*YOUR TASK*.
Restate word for word the lines of the records below, starting at the line that contains "define ps where" and ending at the line that contains "proof (intro exI[of", with both of those lines included and nothing else.

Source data

lemma E0_ray_le:
  fixes \<Omega> :: "'a::euclidean_space set" and v :: "'a \<Rightarrow> real"
  assumes \<Omega>: "\<Omega> \<subseteq> cball 0 R" "\<Omega> \<in> sets lborel" and R: "0 < R"
    and p: "1 < p" "p < real DIM('a)" and \<sigma>: "0 < \<sigma>" "\<sigma> < p"
    and v: "v \<in> sublevel \<Omega> p (lm + a)" and a: "0 \<le> a" and t: "0 \<le> t"
    and ps_def: "ps = (real DIM('a) - \<sigma>) * p / (real DIM('a) - p)"
  defines "\<kappa> \<equiv> 1 / 2 * (2 * (measure lborel \<Omega> + 1)) powr (- ((ps - p) / p)) * R powr (- \<sigma>)"
  shows "E0 \<Omega> p \<sigma> lm (\<lambda>x. t * v x) \<le> (a / p) powr (ps / (ps - p)) * (\<kappa> / ps) powr (- p / (ps - p))"
proof -
  let ?L = "Lp_pow p v"
  have vM: "v \<in> Mfd \<Omega> p" and "p / ?L \<le> lm + a" using v unfolding sublevel_def Psi_def by auto
  have bdd: "bounded \<Omega>" using \<Omega>(1) bounded_cball bounded_subset by blast
  have L: "0 < ?L" by (rule Lp_pow_pos_Mfd[OF vM _ bdd \<Omega>(2)]) (use p in linarith)
  have ps: "p < ps" unfolding ps_def using p \<sigma> by (simp add: divide_simps)
  have "0 < 2 * (measure lborel \<Omega> + 1)" by (simp add: add_nonneg_pos)
  then have \<kappa>: "0 < \<kappa>" unfolding \<kappa>_def using R by (intro mult_pos_pos) auto
  have "p \<le> (lm + a) * ?L" using \<open>p / ?L \<le> lm + a\<close> L by (simp add: divide_le_eq)
  then have "(p - lm * ?L) / p \<le> a * ?L / p" using p by (intro divide_right_mono) (auto simp: algebra_simps)
  then have "1 - lm * ?L / p \<le> a * ?L / p" using p by (simp add: diff_divide_distrib)
  then have "t powr p * (1 - lm * ?L / p) \<le> t powr p * (a * ?L / p)" by (rule mult_left_mono) simp
  then have "t powr p * (1 - lm * ?L / p) - t powr ps / ps * \<kappa> * ?L powr (ps / p)
      \<le> t powr p * (a * ?L / p) - t powr ps / ps * \<kappa> * ?L powr (ps / p)"
    by (rule diff_right_mono)
  also have "\<dots> \<le> (a / p) powr (ps / (ps - p)) * (\<kappa> / ps) powr (- p / (ps - p))"
    by (rule ray_maximum_le[OF a \<kappa> L t _ ps]) (use p in linarith)
  finally have "max 0 (t powr p * (1 - lm * ?L / p) - t powr ps / ps * \<kappa> * ?L powr (ps / p))
      \<le> (a / p) powr (ps / (ps - p)) * (\<kappa> / ps) powr (- p / (ps - p))"
    by simp
  then show ?thesis by (rule order_trans[OF E0_ray_bound[OF \<Omega> R p \<sigma> vM t ps_def, folded \<kappa>_def]])
qed

theorem lemma2p8:
  fixes \<Omega> :: "'a::euclidean_space set"
    and p \<sigma> lm c\<^sub>1 :: real and k :: nat
    and C\<^sub>0 :: "('a \<Rightarrow> real) set" and \<eta> :: "real \<Rightarrow> real"
  assumes "open \<Omega>" "connected \<Omega>" "bounded \<Omega>" "0 \<in> \<Omega>"
    and "1 < p" "p < real DIM('a)" "0 < \<sigma>" "\<sigma> < p"
    and "k \<ge> 1"
    and "lam \<Omega> p k < lam \<Omega> p (Suc k)"
    and "lam \<Omega> p k \<le> ereal lm" "ereal lm < lam \<Omega> p (Suc k)"
    \<comment> \<open>the set C_0\<close>
    and "C\<^sub>0 \<subseteq> sublevel \<Omega> p (real_of_ereal (lam \<Omega> p k))"
    and "symmetric_set C\<^sub>0"
    and "\<forall>s::nat \<Rightarrow> 'a \<Rightarrow> real. (\<forall>n. s n \<in> C\<^sub>0) \<longrightarrow>
           (\<exists>l\<in>C\<^sub>0. \<exists>r. strict_mono r \<and> (\<lambda>n. distW \<Omega> p (s (r n)) l) \<longlonglongrightarrow> 0)"
    and "fr_index (distW \<Omega> p) C\<^sub>0 = enat k"
    and "\<exists>M. \<forall>u\<in>C\<^sub>0. AE x in lborel. \<bar>u x\<bar> \<le> M"
    and "\<forall>u\<in>C\<^sub>0. Ck_on \<Omega> 1 u"
    and "\<forall>K. compact K \<and> K \<subseteq> \<Omega> \<longrightarrow>
           (\<exists>M. \<forall>u\<in>C\<^sub>0. \<forall>x\<in>K. \<bar>u x\<bar> \<le> M \<and> norm (grad u x) \<le> M)"
    \<comment> \<open>the cut-off \<eta>\<close>
    and "smooth_fun_on {0<..} \<eta>"
    and "\<forall>s\<ge>0. 0 \<le> \<eta> s \<and> \<eta> s \<le> 1"
    and "\<forall>s\<in>{0..3/4}. \<eta> s = 0" "\<forall>s\<ge>1. \<eta> s = 1"
    \<comment> \<open>the constant c_1, with \<rho>_0 = dist(0, \<partial>\<Omega>) and C_\<rho> = \<pi>_M(u_\<rho>), u \<in> C_0\<close>
    and "c\<^sub>1 > 0"
    and "\<forall>\<rho>. 0 < \<rho> \<and> \<rho> \<le> infdist 0 (frontier \<Omega>) / 2 \<longrightarrow>
           (\<lambda>u. piM \<Omega> p (\<lambda>x. \<eta> (norm x / \<rho>) * u x)) ` C\<^sub>0
             \<subseteq> sublevel \<Omega> p (real_of_ereal (lam \<Omega> p k) + c\<^sub>1 * \<rho> powr (real DIM('a) - p))"
  shows "\<exists>c\<^sub>1\<^sub>3>0. \<forall>\<rho>. 0 < \<rho> \<and> \<rho> \<le> infdist 0 (frontier \<Omega>) / 2 \<longrightarrow>
           (\<forall>v\<in>(\<lambda>u. piM \<Omega> p (\<lambda>x. \<eta> (norm x / \<rho>) * u x)) ` C\<^sub>0. \<forall>t\<ge>0.
              (real_of_ereal (lam \<Omega> p k) + c\<^sub>1 * \<rho> powr (real DIM('a) - p) \<le> lm
                 \<longrightarrow> E0 \<Omega> p \<sigma> lm (\<lambda>x. t * v x) \<le> 0) \<and>
              (ereal lm = lam \<Omega> p k
                 \<longrightarrow> E0 \<Omega> p \<sigma> lm (\<lambda>x. t * v x)
                       \<le> c\<^sub>1\<^sub>3 * \<rho> powr ((real DIM('a) - \<sigma>) * (real DIM('a) - p) / (p - \<sigma>))))"
proof -
  let ?N = "real DIM('a)" and ?e = "(real DIM('a) - \<sigma>) * (real DIM('a) - p) / (p - \<sigma>)"
  define ps where "ps = (?N - \<sigma>) * p / (?N - p)"
  obtain R where R: "0 < R" "\<Omega> \<subseteq> cball 0 R"
    using bounded_subset_ballD[OF assms(3), of 0] ball_subset_cball by blast
  define \<kappa> where "\<kappa> = 1 / 2 * (2 * (measure lborel \<Omega> + 1)) powr (- ((ps - p) / p)) * R powr (- \<sigma>)"
  define c\<^sub>1\<^sub>3 where "c\<^sub>1\<^sub>3 = (c\<^sub>1 / p) powr (ps / (ps - p)) * (\<kappa> / ps) powr (- p / (ps - p))"
  have p: "0 < p" "p < ps" unfolding ps_def using assms(5-8) by (simp_all add: divide_simps)
  have "0 < 2 * (measure lborel \<Omega> + 1)" by (simp add: add_nonneg_pos)
  then have "0 < \<kappa>" unfolding \<kappa>_def using R by (intro mult_pos_pos) auto
  then have c\<^sub>1\<^sub>3: "0 < c\<^sub>1\<^sub>3" unfolding c\<^sub>1\<^sub>3_def using p assms(24) by simp
  have ratio: "ps / (ps - p) = (?N - \<sigma>) / (p - \<sigma>)"
    unfolding ps_def using assms(5,6,8) by (intro hardy_sobolev_exponent_ratio) auto
  have "\<Omega> \<in> sets lborel" using assms(1) by simp
  note E0_le = E0_ray_le[OF R(2) this R(1) assms(5-8) _ _ _ ps_def, folded \<kappa>_def]
  have scaled: "E0 \<Omega> p \<sigma> lm (\<lambda>x. t * v x) \<le> c\<^sub>1\<^sub>3 * \<rho> powr ?e"
    if "v \<in> sublevel \<Omega> p (lm + c\<^sub>1 * \<rho> powr (?N - p))" "0 \<le> t" for v \<rho> t
    using E0_le[OF that(1) _ that(2)] assms(24)
    unfolding powr_scaled_base c\<^sub>1\<^sub>3_def ratio by (simp add: mult_ac)
  show ?thesis
  proof (intro exI[of _ c\<^sub>1\<^sub>3] conjI c\<^sub>1\<^sub>3 allI impI ballI)
    fix \<rho> t :: real and v :: "'a \<Rightarrow> real"
    assume "0 < \<rho> \<and> \<rho> \<le> infdist 0 (frontier \<Omega>) / 2"
      and "v \<in> (\<lambda>u. piM \<Omega> p (\<lambda>x. \<eta> (norm x / \<rho>) * u x)) ` C\<^sub>0" and t: "0 \<le> t"
    with assms(25) have v: "v \<in> sublevel \<Omega> p (real_of_ereal (lam \<Omega> p k) + c\<^sub>1 * \<rho> powr (?N - p))"
      by blast
    show "E0 \<Omega> p \<sigma> lm (\<lambda>x. t * v x) \<le> 0" if "real_of_ereal (lam \<Omega> p k) + c\<^sub>1 * \<rho> powr (?N - p) \<le> lm"
    proof -
      have "v \<in> sublevel \<Omega> p (lm + 0)" using sublevel_mono[OF that] v by auto
      from E0_le[OF this order.refl t] show ?thesis by simp
    qed
    show "E0 \<Omega> p \<sigma> lm (\<lambda>x. t * v x) \<le> c\<^sub>1\<^sub>3 * \<rho> powr ?e" if "ereal lm = lam \<Omega> p k"
      using scaled[OF _ t] v unfolding that[symmetric] by simp
  qed
qed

*ANSWER AREA*.
  define ps where "ps = (?N - \<sigma>) * p / (?N - p)"
  obtain R where R: "0 < R" "\<Omega> \<subseteq> cball 0 R"
    using bounded_subset_ballD[OF assms(3), of 0] ball_subset_cball by blast
  define \<kappa> where "\<kappa> = 1 / 2 * (2 * (measure lborel \<Omega> + 1)) powr (- ((ps - p) / p)) * R powr (- \<sigma>)"
  define c\<^sub>1\<^sub>3 where "c\<^sub>1\<^sub>3 = (c\<^sub>1 / p) powr (ps / (ps - p)) * (\<kappa> / ps) powr (- p / (ps - p))"
  have p: "0 < p" "p < ps" unfolding ps_def using assms(5-8) by (simp_all add: divide_simps)
  have "0 < 2 * (measure lborel \<Omega> + 1)" by (simp add: add_nonneg_pos)
  then have "0 < \<kappa>" unfolding \<kappa>_def using R by (intro mult_pos_pos) auto
  then have c\<^sub>1\<^sub>3: "0 < c\<^sub>1\<^sub>3" unfolding c\<^sub>1\<^sub>3_def using p assms(24) by simp
  have ratio: "ps / (ps - p) = (?N - \<sigma>) / (p - \<sigma>)"
    unfolding ps_def using assms(5,6,8) by (intro hardy_sobolev_exponent_ratio) auto
  have "\<Omega> \<in> sets lborel" using assms(1) by simp
  note E0_le = E0_ray_le[OF R(2) this R(1) assms(5-8) _ _ _ ps_def, folded \<kappa>_def]
  have scaled: "E0 \<Omega> p \<sigma> lm (\<lambda>x. t * v x) \<le> c\<^sub>1\<^sub>3 * \<rho> powr ?e"
    if "v \<in> sublevel \<Omega> p (lm + c\<^sub>1 * \<rho> powr (?N - p))" "0 \<le> t" for v \<rho> t
    using E0_le[OF that(1) _ that(2)] assms(24)
    unfolding powr_scaled_base c\<^sub>1\<^sub>3_def ratio by (simp add: mult_ac)
  show ?thesis
  proof (intro exI[of _ c\<^sub>1\<^sub>3] conjI c\<^sub>1\<^sub>3 allI impI ballI)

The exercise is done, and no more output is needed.